Breaking Outdoor Learning Down

In the early 2000s, the outdoor sector shifted and looked at enhancing OE. Outdoor learning (OL) evolved from OE’s values and beliefs, given the importance of progressive formal educational experiences sitting alongside experiences in non-formal settings.  

OL embraces an approach to learning that uses the 4 values of OE (shown below in the first 4 bullet points) but also uses new and evolved values to enhance it’s approach. These include:

  • being outside as a focal part of the experience
  • elements of physical activities
  • a continually changing and adventurous element
  • always respecting the natural environment
  • memorable and fun experiences
  • inclusion
  • using the outdoors to help develop their experiences into knowledge, skills, and positive attitudes and behaviours
  • using residential experiences to help support learning

It is also essential that the five core areas are understood as they underpin the OL approach, which are:

  1. participation
  2. self-confidence and achievement
  3. differentiation and progression
  4. a balanced approach to risk management
  5. can be part of a residential experience

Outdoor Learning within Schools

Research towards OL is becoming more widely evidenced, acknowledged and accepted. Within the school curriculum, physical education has always given the option of covering outdoor adventurous activities (OAA) as internal teaching delivery or going on overnight outdoor trips (residential experiences).

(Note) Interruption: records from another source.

(* Let $n=n_{obs}+n_{mis}$ with $n_{obs}\ge2$, $n_{mis}\ge1$. Let $Y_1,\dots,Y_{n_{obs}}$ be i.i.d. $N(\mu,\sigma^2)$, with $\bar Y_{obs}$ their mean and $CSS=\sum_{i=1}^{n_{obs}}(Y_i-\bar Y_{obs})^2$. Fix a real $\nu_{prior}$ with $n_{obs}+\nu_{prior}>3$ and set $\nu_{PD}=\nu_{prior}+n_{obs}-1$. For each $d=1,\dots,D$ ($D\ge1$), independently, draw $U_{PD,d}\sim\chi^2_{\nu_{PD}}$ and $Z_{PD,d}\sim N(0,1/n_{obs})$, set $\hat\sigma^2_{d}=CSS/U_{PD,d}$, $\hat\mu_d=\bar Y_{obs}+\hat\sigma_d Z_{PD,d}$, draw $Y_{imp,i,d}=\hat\mu_d+\hat\sigma_d Z_{imp,i,d}$ for $i=n_{obs}+1,\dots,n$ with $Z_{imp,i,d}$ i.i.d. $N(0,1)$ (all random variables independent of each other and of the data), and let $\hat\mu_{SI,d}$ be the sample mean of the $n$ values $Y_1,\dots,Y_{n_{obs}},Y_{imp,n_{obs}+1,d},\dots,Y_{imp,n,d}$. Let $\hat\mu_{MI,PD}=\frac1D\sum_{d=1}^D\hat\mu_{SI,d}$. Then $E(\hat\mu_{MI,PD})=\mu$ and $$\operatorname{Var}(\hat\mu_{MI,PD})=\frac{\sigma^2}{n_{obs}}\left(1+\frac{n_{mis}(n_{obs}-1)}{Dn(n_{obs}+\nu_{prior}-3)}\right).$$ *)

theory Defs
  imports "HOL-Probability.Probability"
begin

definition chi2_density :: "real \<Rightarrow> real \<Rightarrow> real" where
  "chi2_density k x =
     (if x > 0 then x powr (k / 2 - 1) * exp (- x / 2) / (2 powr (k / 2) * Gamma (k / 2)) else 0)"

datatype rv_idx = IdxY nat | IdxU nat | IdxZPD nat | IdxZimp nat nat

definition all_rvs ::
  "(nat \<Rightarrow> 'a \<Rightarrow> real) \<Rightarrow> (nat \<Rightarrow> 'a \<Rightarrow> real) \<Rightarrow> (nat \<Rightarrow> 'a \<Rightarrow> real) \<Rightarrow>
   (nat \<Rightarrow> nat \<Rightarrow> 'a \<Rightarrow> real) \<Rightarrow> rv_idx \<Rightarrow> 'a \<Rightarrow> real" where
  "all_rvs Y U ZPD Zimp j = (case j of IdxY i \<Rightarrow> Y i | IdxU d \<Rightarrow> U d | IdxZPD d \<Rightarrow> ZPD d
                                  | IdxZimp i d \<Rightarrow> Zimp i d)"

definition rv_index_set :: "nat \<Rightarrow> nat \<Rightarrow> nat \<Rightarrow> rv_idx set" where
  "rv_index_set n_obs n_mis D =
     IdxY ` {..<n_obs} \<union> IdxU ` {..<D} \<union> IdxZPD ` {..<D}
     \<union> {IdxZimp i d | i d. i < n_mis \<and> d < D}"

definition ybar_obs :: "nat \<Rightarrow> (nat \<Rightarrow> 'a \<Rightarrow> real) \<Rightarrow> 'a \<Rightarrow> real" where
  "ybar_obs n_obs Y \<omega> = (\<Sum>i<n_obs. Y i \<omega>) / real n_obs"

Continuing with this view of how to implement OL within the curriculum would be limiting to the pupils opportunities in having an effective education.    

Fortunately research has proven that OL is most beneficial to children’s learning when schools have:

  • Governors/Senior Leadership Team (SLT) who have a good understand of OL
  • Teachers who feel confident and have experience in taking learning outside
  • OL that is interwoven within the formal school curriculum
  • Residential trips that are part of the progressive learning experience

Integrating Outdoor Learning within the Curriculum

To help guide schools towards a more effective OL curriculum, there are two reference links to look at:

Natural Connections: Transforming Outdoor Learning in Schools

Learning Outside The Classroom (LOTC): Where do I start? Removing the four walls and discovering core subjects in the natural environment

Creating Memorable Residential School Trips

Paul Hamlyn Foundation founded ‘Learning Away’, which has strong evidence that shows the positive impacts and benefits to linking residential trips with the curriculum.

To help guide your school towards more memorable and effective trips, there are two links to refer to:

Learning Away: Learning Away recommendations

Learning Away: What makes a brilliant residential?

Future of Outdoor Learning

Education is the passport to the future, for tomorrow belongs to those who prepare for it today. The government has launched a 25 year environmental plan to help leave our world in a better place. Within this plan the Prime Minister wants children to engage more with the environment. To deliver this they are putting £10m into school visits and Nature Friendly Schools programme , which will help children learn about the natural world.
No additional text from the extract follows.